Star Trek transporters, where you maintain your memories and personality are impossible.
That’s a VERY specific situation. The plausibility of text hovering over live video being a daily use interface just seems silly. Contrast exists, and will, for a reason. Besides, given my example, your students can see everything you are writing from the back of your monitor. You just need a lower profile monitor if things “gon get craazay” on the other side of your LCD.
I’ve got Photoshop Jockeys salivating over this tech, but one of my students said they’d read that Tom Cruise could only do a few sweeping UI gestures before he had to rest his arms.
I just had to say: “Cite?” and “Who here is in better shape than Tom Cruise?” No hands went up.
I agree. The daily office worker should not have to ( though may very well benefit from) make sweeping gestures for simple tasks. But, if we take gesture controls to their practical extremes, we have Stephen Hawking like blink and wink gestures. Something that subtle could devolve us into something awful.
The big problem with gesture-based input systems is lack of haptic feedback. When I press a well-designed physical button I can FEEL that my input was accepted. I don’t need to wait for my visual system to filter the confirmation out of all the other noise in my visual field. The small but real feedback lag inherent in pure gesture systems will always limit their utility in high-performance situations. I’d hate to try to drive a car using gesture inputs, for example.
When I first saw Star Wars I mentally hand-waved this away as the precognitive force moved the light saber to where the shot would be.
Cross some Lytro cameras with a panorama ball and presto.
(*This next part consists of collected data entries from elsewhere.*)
(* Let $S\subseteq\mathbb{N}^{\mathbb{N}}$. Then $S$ is guessable if and only if $S$ is $\mathbf{\Delta}^0_2$.
   Context: A function $G:\mathbb{N}^{<\mathbb{N}}\to\{0,1\}$ ($\mathbb{N}^{<\mathbb{N}}$ = finite sequences of naturals) is a guesser for $S\subseteq\mathbb{N}^{\mathbb{N}}$ if for every $f:\mathbb{N}\to\mathbb{N}$ there is $m>0$ such that for all $n>m$, $G(f(0),\ldots,f(n))$ equals $1$ if $f\in S$ and $0$ if $f\notin S$; $S$ is guessable if it has a guesser. $\mathbb{N}^{\mathbb{N}}$ carries the (Baire space) topology whose basic open sets are $\{f\in\mathbb{N}^{\mathbb{N}}: f \text{ extends } f_0\}$ for $f_0\in\mathbb{N}^{<\mathbb{N}}$. A set is $\mathbf{\Delta}^0_2$ if it is both $G_\delta$ (a countable intersection of open sets) and $F_\sigma$ (a countable union of closed sets). *)

theory Defs
  imports Main
begin

text \<open>Finite sequences of naturals are lists; the values 0/1 of a guesser are rendered
  as False/True.  \<open>G (map f [0..<Suc n])\<close> is G(f(0),...,f(n)).\<close>

definition guesser :: "(nat list \<Rightarrow> bool) \<Rightarrow> (nat \<Rightarrow> nat) set \<Rightarrow> bool" where
  "guesser G S \<longleftrightarrow>
     (\<forall>f. \<exists>m>0. \<forall>n>m. G (map f [0..<Suc n]) = (f \<in> S))"

definition guessable :: "(nat \<Rightarrow> nat) set \<Rightarrow> bool" where
  "guessable S \<longleftrightarrow> (\<exists>G. guesser G S)"

definition basic_open :: "nat list \<Rightarrow> (nat \<Rightarrow> nat) set" where
  "basic_open s = {f. \<forall>i<length s. f i = s ! i}"

definition baire_open :: "(nat \<Rightarrow> nat) set \<Rightarrow> bool" where
  "baire_open U \<longleftrightarrow> (\<exists>B. U = \<Union> (basic_open ` B))"

definition baire_closed :: "(nat \<Rightarrow> nat) set \<Rightarrow> bool" where
  "baire_closed C \<longleftrightarrow> baire_open (- C)"

definition baire_G_delta :: "(nat \<Rightarrow> nat) set \<Rightarrow> bool" where
  "baire_G_delta S \<longleftrightarrow> (\<exists>U :: nat \<Rightarrow> (nat \<Rightarrow> nat) set. (\<forall>i. baire_open (U i)) \<and> S = (\<Inter>i. U i))"

definition baire_F_sigma :: "(nat \<Rightarrow> nat) set \<Rightarrow> bool" where
  "baire_F_sigma S \<longleftrightarrow> (\<exists>C :: nat \<Rightarrow> (nat \<Rightarrow> nat) set. (\<forall>i. baire_closed (C i)) \<and> S = (\<Union>i. C i))"

definition baire_Delta02 :: "(nat \<Rightarrow> nat) set \<Rightarrow> bool" where
  "baire_Delta02 S \<longleftrightarrow> baire_G_delta S \<and> baire_F_sigma S"

end

theory Submission
  imports Defs
begin

text \<open>A guesser for \<open>S\<close> answers correctly on all long prefixes of every \<open>f\<close>, so \<open>f \<in> S\<close> iff the
  guess is 1 infinitely often (a \<open>G\<^sub>\<delta>\<close> condition) iff it is eventually 1 (an \<open>F\<^sub>\<sigma>\<close> condition).
  Conversely, if \<open>S = \<Inter>U\<^sub>i = \<Union>C\<^sub>i\<close>, the closed sets \<open>C\<^sub>i\<close> and \<open>-U\<^sub>i\<close> cover the space and each lies
  inside \<open>S\<close> or outside it. Enumerate them as \<open>E\<^sub>k\<close> and guess, on a finite sequence \<open>s\<close>, whether
  the first \<open>E\<^sub>k\<close> meeting the neighbourhood of \<open>s\<close> lies in \<open>S\<close>: along \<open>f\<close> the neighbourhoods shrink
  to \<open>f\<close>, so the finitely many closed \<open>E\<^sub>k\<close> before the first one containing \<open>f\<close> are eventually
  missed, and the guess stabilises to the right answer.\<close>

lemma basic_open_prefix_iff:
  "f \<in> basic_open s \<and> length s = n \<longleftrightarrow> s = map f [0..<n]"
  unfolding basic_open_def by (auto intro: nth_equalityI)

lemma mem_basic_open_prefix: "f \<in> basic_open (map f [0..<n])"
  using basic_open_prefix_iff by blast

lemma baire_open_exists_prefix:
  "baire_open {f. \<exists>n>m. P (map f [0..<Suc n])}"
proof -
  have "{f. \<exists>n>m. P (map f [0..<Suc n])} =
        \<Union> (basic_open ` {s. \<exists>n>m. length s = Suc n \<and> P s})"
  proof (intro equalityI subsetI)
    fix f
    assume "f \<in> {f. \<exists>n>m. P (map f [0..<Suc n])}"
    then obtain n where "n > m" "P (map f [0..<Suc n])"
      by blast
    moreover have "f \<in> basic_open (map f [0..<Suc n])"
      by (rule mem_basic_open_prefix)
    ultimately show "f \<in> \<Union> (basic_open ` {s. \<exists>n>m. length s = Suc n \<and> P s})"
      by force
  next
    fix f
    assume "f \<in> \<Union> (basic_open ` {s. \<exists>n>m. length s = Suc n \<and> P s})"
    then obtain s n where "n > m" "length s = Suc n" "P s" "f \<in> basic_open s"
      by blast
    moreover from this have "s = map f [0..<Suc n]"
      using basic_open_prefix_iff by blast
    ultimately show "f \<in> {f. \<exists>n>m. P (map f [0..<Suc n])}"
      by blast
  qed
  then show ?thesis
    unfolding baire_open_def by blast
qed

lemma baire_closed_forall_prefix:
  "baire_closed {f. \<forall>n>m. P (map f [0..<Suc n])}"
  using baire_open_exists_prefix[of m "\<lambda>s. \<not> P s"]
  unfolding baire_closed_def Collect_neg_eq[symmetric] by simp

lemma guesser_iff_eventually:
  "guesser G S \<longleftrightarrow> (\<forall>f. \<forall>\<^sub>F n in sequentially. G (map f [0..<Suc n]) = (f \<in> S))"
proof -
  have positive_threshold_iff:
    "(\<exists>m>0. \<forall>n>m. P n) \<longleftrightarrow> (\<exists>N. \<forall>n\<ge>N. P n)" for P :: "nat \<Rightarrow> bool"
  proof
    assume "\<exists>m>0. \<forall>n>m. P n"
    then obtain m where "\<forall>n>m. P n"
      by blast
    then have "\<forall>n\<ge>Suc m. P n"
      by simp
    then show "\<exists>N. \<forall>n\<ge>N. P n" ..
  next
    assume "\<exists>N. \<forall>n\<ge>N. P n"
    then obtain N where "\<forall>n\<ge>N. P n" ..
    then have "\<forall>n>Suc N. P n"
      by simp
    then show "\<exists>m>0. \<forall>n>m. P n"
      using zero_less_Suc by blast
  qed
  then show ?thesis
    unfolding guesser_def eventually_sequentially by (simp only: positive_threshold_iff)
qed

lemma guesser_eq_Inter_frequently:
  assumes "guesser G S"
  shows "S = (\<Inter>m. {f. \<exists>n>m. G (map f [0..<Suc n])})"
proof (intro set_eqI iffI)
  fix f
  obtain N where N: "\<And>n. n \<ge> N \<Longrightarrow> G (map f [0..<Suc n]) = (f \<in> S)"
    using assms unfolding guesser_iff_eventually eventually_sequentially by blast
  show "f \<in> S" if "f \<in> (\<Inter>m. {f. \<exists>n>m. G (map f [0..<Suc n])})"
  proof -
    from that obtain n where "n > N" "G (map f [0..<Suc n])"
      by blast
    with N show ?thesis
      by simp
  qed
  show "f \<in> (\<Inter>m. {f. \<exists>n>m. G (map f [0..<Suc n])})" if "f \<in> S"
  proof (intro InterI CollectI, clarify)
    fix m
    show "\<exists>n>m. G (map f [0..<Suc n])"
      using N[of "Suc (max m N)"] \<open>f \<in> S\<close> by (intro exI[of _ "Suc (max m N)"]) simp
  qed
qed

lemma guesser_eq_Union_eventually:
  assumes "guesser G S"
  shows "S = (\<Union>m. {f. \<forall>n>m. G (map f [0..<Suc n])})"
proof (intro set_eqI iffI)
  fix f
  obtain N where N: "\<And>n. n \<ge> N \<Longrightarrow> G (map f [0..<Suc n]) = (f \<in> S)"
    using assms unfolding guesser_iff_eventually eventually_sequentially by blast
  show "f \<in> S" if "f \<in> (\<Union>m. {f. \<forall>n>m. G (map f [0..<Suc n])})"
  proof -
    from that obtain m where "\<forall>n>m. G (map f [0..<Suc n])"
      by blast
    then have "G (map f [0..<Suc (Suc (max m N))])"
      by (simp del: upt_Suc)
    with N[of "Suc (max m N)"] show ?thesis
      by simp
  qed
  show "f \<in> (\<Union>m. {f. \<forall>n>m. G (map f [0..<Suc n])})" if "f \<in> S"
    using that N by (auto intro!: exI[of _ N])
qed

lemma guessable_imp_baire_Delta02:
  assumes "guessable S"
  shows "baire_Delta02 S"
proof -
  obtain G where G: "guesser G S"
    using assms unfolding guessable_def by blast
  have "baire_G_delta S"
    unfolding baire_G_delta_def
    by (rule exI[of _ "\<lambda>m. {f. \<exists>n>m. G (map f [0..<Suc n])}"])
      (simp add: baire_open_exists_prefix guesser_eq_Inter_frequently[OF G, symmetric] del: upt_Suc)
  moreover have "baire_F_sigma S"
    unfolding baire_F_sigma_def
    by (rule exI[of _ "\<lambda>m. {f. \<forall>n>m. G (map f [0..<Suc n])}"])
      (simp add: baire_closed_forall_prefix guesser_eq_Union_eventually[OF G, symmetric] del: upt_Suc)
  ultimately show ?thesis
    unfolding baire_Delta02_def ..
qed

lemma basic_open_prefix_subset:
  assumes "f \<in> basic_open s" "length s \<le> n"
  shows "basic_open (map f [0..<n]) \<subseteq> basic_open s"
  using assms unfolding basic_open_def by auto

lemma eventually_prefix_disjoint_closed:
  assumes "baire_closed E" "f \<notin> E"
  shows "\<forall>\<^sub>F n in sequentially. basic_open (map f [0..<n]) \<inter> E = {}"
proof -
  obtain B where B: "- E = \<Union> (basic_open ` B)"
    using assms(1) unfolding baire_closed_def baire_open_def by blast
  with assms(2) obtain s where "s \<in> B" "f \<in> basic_open s"
    by auto
  then have "basic_open (map f [0..<n]) \<subseteq> - E" if "n \<ge> length s" for n
    using basic_open_prefix_subset[OF _ that] B by blast
  then show ?thesis
    unfolding eventually_sequentially by blast
qed

lemma eventually_Least_meeting_prefix:
  fixes E :: "nat \<Rightarrow> (nat \<Rightarrow> nat) set"
  assumes closed: "\<And>k. baire_closed (E k)" and "f \<in> E k"
  shows "\<forall>\<^sub>F n in sequentially.
           (LEAST k. basic_open (map f [0..<n]) \<inter> E k \<noteq> {}) = (LEAST k. f \<in> E k)"
proof -
  define k0 where "k0 = (LEAST k. f \<in> E k)"
  have "f \<in> E k0"
    unfolding k0_def using assms(2) by (rule LeastI)
  have "f \<notin> E k" if "k < k0" for k
    using that not_less_Least unfolding k0_def by blast
  then have "\<forall>\<^sub>F n in sequentially. \<forall>k\<in>{..<k0}. basic_open (map f [0..<n]) \<inter> E k = {}"
    by (intro eventually_ball_finite) (auto intro: eventually_prefix_disjoint_closed closed)
  then show ?thesis
    unfolding k0_def[symmetric]
  proof (rule eventually_mono)
    fix n
    assume "\<forall>k\<in>{..<k0}. basic_open (map f [0..<n]) \<inter> E k = {}"
    moreover have "basic_open (map f [0..<n]) \<inter> E k0 \<noteq> {}"
      using \<open>f \<in> E k0\<close> mem_basic_open_prefix by blast
    ultimately show "(LEAST k. basic_open (map f [0..<n]) \<inter> E k \<noteq> {}) = k0"
      by (intro Least_equality) (auto simp: not_less[symmetric])
  qed
qed

lemma guessable_if_closed_cover_deciding:
  fixes E :: "nat \<Rightarrow> (nat \<Rightarrow> nat) set"
  assumes closed: "\<And>k. baire_closed (E k)"
    and cover: "\<And>f. \<exists>k. f \<in> E k"
    and decides: "\<And>k. E k \<subseteq> S \<or> E k \<inter> S = {}"
  shows "guessable S"
proof -
  define G where "G s = (E (LEAST k. basic_open s \<inter> E k \<noteq> {}) \<subseteq> S)" for s
  have "guesser G S"
    unfolding guesser_iff_eventually
  proof
    fix f
    define k0 where "k0 = (LEAST k. f \<in> E k)"
    have "f \<in> E k0"
      unfolding k0_def using cover by (rule LeastI_ex)
    then have decided: "(E k0 \<subseteq> S) = (f \<in> S)"
      using decides by blast
    obtain k where "f \<in> E k"
      using cover by blast
    then have "\<forall>\<^sub>F n in sequentially. (LEAST k. basic_open (map f [0..<n]) \<inter> E k \<noteq> {}) = k0"
      unfolding k0_def by (rule eventually_Least_meeting_prefix[OF closed])
    then have "\<forall>\<^sub>F n in sequentially.
                 (LEAST k. basic_open (map f [0..<Suc n]) \<inter> E k \<noteq> {}) = k0"
      by (rule eventually_sequentially_Suc[
            where P = "\<lambda>n. (LEAST k. basic_open (map f [0..<n]) \<inter> E k \<noteq> {}) = k0",
            THEN iffD2])
    then show "\<forall>\<^sub>F n in sequentially. G (map f [0..<Suc n]) = (f \<in> S)"
      unfolding G_def by (rule eventually_mono) (simp only: decided)
  qed
  then show ?thesis
    unfolding guessable_def by blast
qed

lemma baire_Delta02_imp_guessable:
  assumes "baire_Delta02 S"
  shows "guessable S"
proof -
  obtain U C :: "nat \<Rightarrow> (nat \<Rightarrow> nat) set"
    where U: "\<And>i. baire_open (U i)" "S = (\<Inter>i. U i)"
      and C: "\<And>i. baire_closed (C i)" "S = (\<Union>i. C i)"
    using assms unfolding baire_Delta02_def baire_G_delta_def baire_F_sigma_def by blast
  define E :: "nat \<Rightarrow> (nat \<Rightarrow> nat) set"
    where "E k = (if even k then C (k div 2) else - U (k div 2))" for k
  show ?thesis
  proof (rule guessable_if_closed_cover_deciding)
    show "baire_closed (E k)" for k
      using U(1) C(1) unfolding E_def baire_closed_def by simp
    show "E k \<subseteq> S \<or> E k \<inter> S = {}" for k
    proof (cases "even k")
      case True
      then have "E k \<subseteq> S"
        unfolding E_def C(2) by auto
      then show ?thesis ..
    next
      case False
      then have "E k \<inter> S = {}"
        unfolding E_def U(2) by auto
      then show ?thesis ..
    qed
    show "\<exists>k. f \<in> E k" for f
    proof (cases "f \<in> S")
      case True
      then obtain i where "f \<in> C i"
        using C(2) by blast
      then have "f \<in> E (2 * i)"
        unfolding E_def by simp
      then show ?thesis ..
    next
      case False
      then obtain i where "f \<notin> U i"
        using U(2) by blast
      then have "f \<in> E (2 * i + 1)"
        unfolding E_def by simp
      then show ?thesis ..
    qed
  qed
qed

theorem theorem16:
  fixes S :: "(nat \<Rightarrow> nat) set"
  shows "guessable S \<longleftrightarrow> baire_Delta02 S"
  using guessable_imp_baire_Delta02 baire_Delta02_imp_guessable ..

end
It’s not quite to the “look around the corner” level, but damn close already.
When I saw the video for the panorama ball, I instantly thought about how cool that would be in a military application. Imagine firing a few miniaturized versions of those from grenade launchers to scout ahead.
Plus, I would hate to delete several hours of work when it “saw” me taking a drink of coffee or stretching.
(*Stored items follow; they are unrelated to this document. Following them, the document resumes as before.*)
locale split_semisimple_algebra =
  fixes scale :: "'k::field \<Rightarrow> 'h::ring_1 \<Rightarrow> 'h"
    and Lam :: "'l set" and d :: "'l \<Rightarrow> nat" and sigma :: "'l \<Rightarrow> 'h \<Rightarrow> 'k mat"
  assumes K_algebra: "is_K_algebra scale"
    and wedderburn: "is_split_semisimple_wedderburn scale Lam d sigma"
begin

sublocale vector_space scale
  using K_algebra unfolding is_K_algebra_def by blast

lemma scale_mult_left: "scale k x * y = scale k (x * y)"
  and scale_mult_right: "x * scale k y = scale k (x * y)"
  using K_algebra unfolding is_K_algebra_def by metis+

lemma finite_Lam: "finite Lam"
  and d_pos: "lam \<in> Lam \<Longrightarrow> 0 < d lam"
  and sigma_inj: "(\<And>lam. lam \<in> Lam \<Longrightarrow> sigma lam x = sigma lam y) \<Longrightarrow> x = y"
  and sigma_surj: "(\<And>lam. lam \<in> Lam \<Longrightarrow> M lam \<in> carrier_mat (d lam) (d lam)) \<Longrightarrow>
     \<exists>x. \<forall>lam\<in>Lam. sigma lam x = M lam"
  using wedderburn unfolding is_split_semisimple_wedderburn_def by blast+

lemma sigma_carrier [simp]: "lam \<in> Lam \<Longrightarrow> sigma lam x \<in> carrier_mat (d lam) (d lam)"
  and sigma_add: "lam \<in> Lam \<Longrightarrow> sigma lam (x + y) = sigma lam x + sigma lam y"
  and sigma_scale: "lam \<in> Lam \<Longrightarrow> sigma lam (scale k x) = k \<cdot>\<^sub>m sigma lam x"
  and sigma_mult: "lam \<in> Lam \<Longrightarrow> sigma lam (x * y) = sigma lam x * sigma lam y"
  and sigma_one: "lam \<in> Lam \<Longrightarrow> sigma lam 1 = 1\<^sub>m (d lam)"
  using wedderburn unfolding is_split_semisimple_wedderburn_def is_matrix_rep_def by blast+

lemma sigma_dim [simp]: "lam \<in> Lam \<Longrightarrow> dim_row (sigma lam x) = d lam"
  "lam \<in> Lam \<Longrightarrow> dim_col (sigma lam x) = d lam"
  using sigma_carrier by blast+

lemma linear_form_sigma_index:
  "lam \<in> Lam \<Longrightarrow> p < d lam \<Longrightarrow> q < d lam \<Longrightarrow> linear_form scale (\<lambda>h. sigma lam h $$ (p, q))"
  unfolding linear_form_def by (simp add: sigma_add sigma_scale)

lemma sigma_zero: "lam \<in> Lam \<Longrightarrow> sigma lam 0 = 0\<^sub>m (d lam) (d lam)"
  by (rule eq_matI) (auto simp: linear_form_zero[OF linear_form_sigma_index])

lemma linear_form_character: "lam \<in> Lam \<Longrightarrow> linear_form scale (character sigma lam)"
  unfolding linear_form_def character_def
  by (simp add: sigma_add sigma_scale mat_trace_carrier[of _ "d lam"] sum.distrib sum_distrib_left)

lemma linear_form_character_mult: "lam \<in> Lam \<Longrightarrow> linear_form scale (\<lambda>x. character sigma lam (w * x))"
  using linear_form_character unfolding linear_form_def by (simp add: distrib_left scale_mult_right)

lemma character_mult_comm: "lam \<in> Lam \<Longrightarrow> character sigma lam (x * y) = character sigma lam (y * x)"
  unfolding character_def by (simp add: sigma_mult mat_trace_mult_comm[of _ "d lam"])

definition block :: "'l \<Rightarrow> 'k mat \<Rightarrow> 'h" where
  "block lam A = (SOME x. \<forall>mu\<in>Lam. sigma mu x = (if mu = lam then A else 0\<^sub>m (d mu) (d mu)))"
It was my understanding that “blasters” are not laser-shooters, but fire a short blast of charged particles.
Wouldn’t errant bullets be a bad thing in a spaceship? :dubious:
I dunno. I saw a lot of Stormtroopers missing their shots but none of them blew a hole through the hull.
How about portals? If it was even possible would there be any use for such a thing?
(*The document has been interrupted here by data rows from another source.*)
lemma eta_out_local:
  "(\<And>w. level w \<le> level v \<Longrightarrow> z w = z' w) \<Longrightarrow> eta_out BX BE v0 z v = eta_out BX BE v0 z' v"
proof (induction "level v" arbitrary: v rule: less_induct)
  case less
  show ?case
  proof (cases "fst v = 0 \<or> snd v = 0")
    case True
    then show ?thesis by (simp add: eta_out_boundary)
  next
    case False
    then have interior: "1 \<le> fst v" "1 \<le> snd v"
      by auto
    have below: "eta_out BX BE v0 z u = eta_out BX BE v0 z' u" if "level u < level v" for u
      using that less by auto
    then have "coupled_recoupling BX BE v0 v z = coupled_recoupling BX BE v0 v z'"
      using less.prems by (intro coupled_recoupling_cong) auto
    moreover have "z v = z' v"
      using less.prems by simp
    moreover have "out_arrow B (\<lambda>w. f (eta_out BX BE v0 z w)) (edge_tail v r) r
        = out_arrow B (\<lambda>w. f (eta_out BX BE v0 z' w)) (edge_tail v r) r" for B f r
      using below by (intro out_arrow_edge_tail_cong) simp
    ultimately show ?thesis
      unfolding eta_out_interior[OF interior] eta_field_def adaptive_map_def by simp
  qed
qed

lemma coupled_recoupling_local:
  "(\<And>w. level w < level v \<Longrightarrow> z w = z' w) \<Longrightarrow> coupled_recoupling BX BE v0 v z = coupled_recoupling BX BE v0 v z'"
  by (intro coupled_recoupling_cong eta_out_local) auto

lemma s6v_out_eta_field:
  "s6v_out BE (eta_field BX BE v0 z) v = fst (eta_out BX BE v0 z v) \<and>
   s6v_out (insert v0 BE) (eta_field BX BE v0 z) v = snd (eta_out BX BE v0 z v)"
proof (induction "level v" arbitrary: v rule: less_induct)
  case less
  show ?case
  proof (cases "fst v = 0 \<or> snd v = 0")
    case True
    then show ?thesis by (simp add: s6v_out_boundary eta_out_boundary)
  next
    case False
    then have interior: "1 \<le> fst v" "1 \<le> snd v"
      by auto
    have "in_arrow BE (eta_field BX BE v0 z) v r = out_arrow BE (\<lambda>w. fst (eta_out BX BE v0 z w)) (edge_tail v r) r"
      "in_arrow (insert v0 BE) (eta_field BX BE v0 z) v r
         = out_arrow (insert v0 BE) (\<lambda>w. snd (eta_out BX BE v0 z w)) (edge_tail v r) r" for r
      unfolding in_arrow_def
      by (rule out_arrow_cong, use less.hyps[of "edge_tail v r"] level_edge_tail_less[of v r] in fastforce)+
    then show ?thesis
      by (simp add: s6v_out_interior[OF interior] eta_out_interior[OF interior])
  qed
qed

lemma s6v_coupled_eta_field:
  assumes "BX \<subseteq> boundary_vertices" "BE \<subseteq> BX" "v0 \<in> boundary_vertices" "v0 \<notin> BX"
  shows "s6v_coupled BX (\<lambda>v. fst (z v)) BE (eta_field BX BE v0 z) v0 z"
proof unfold_locales
  have "in_arrow BE (eta_field BX BE v0 z) v r = out_arrow BE (\<lambda>w. fst (eta_out BX BE v0 z w)) (edge_tail v r) r"
    "in_arrow (insert v0 BE) (eta_field BX BE v0 z) v r
       = out_arrow (insert v0 BE) (\<lambda>w. snd (eta_out BX BE v0 z w)) (edge_tail v r) r" for v r
    unfolding in_arrow_def by (rule out_arrow_cong, use s6v_out_eta_field in fastforce)+
  then show "eta_field BX BE v0 z v
      = eta_coins (eta_recoupling BX (\<lambda>v. fst (z v)) BE (eta_field BX BE v0 z) v0 v) (z v)" for v
    by (simp add: eta_field_def adaptive_map_def coupled_recoupling_def eta_recoupling_def)
qed (use assms in auto)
The people who predicted flying cars forgot about all the crazy drivers out there.
I was under the impression that the main problem with teleportation was the amount of data storage it would take to do it.
That’s how wonderfully bad a stormtrooper’s aim is. He’ll miss the the hull of a spaceship — even when he’s inside it.
Back when light-pen interfaces were all the rage, like on the Fairlight CMI, people suffered from “gorilla arm”. Touch screens only came back in personal devices because they are used at chest level or below.
Didn’t Doug Adams has a bit about trying to operate the radio with a wave your arms interface, the user having to remain frozen in place to listen?
Religious/ritual basically, it marks the user as a force sensitive at the least. Why do people still train in sword fighting when machine guns exist?
Regarding lightsabers (and as pointed out on tvtropes), the audience’s willingness to suspend disbelief is greater if something looks really cool.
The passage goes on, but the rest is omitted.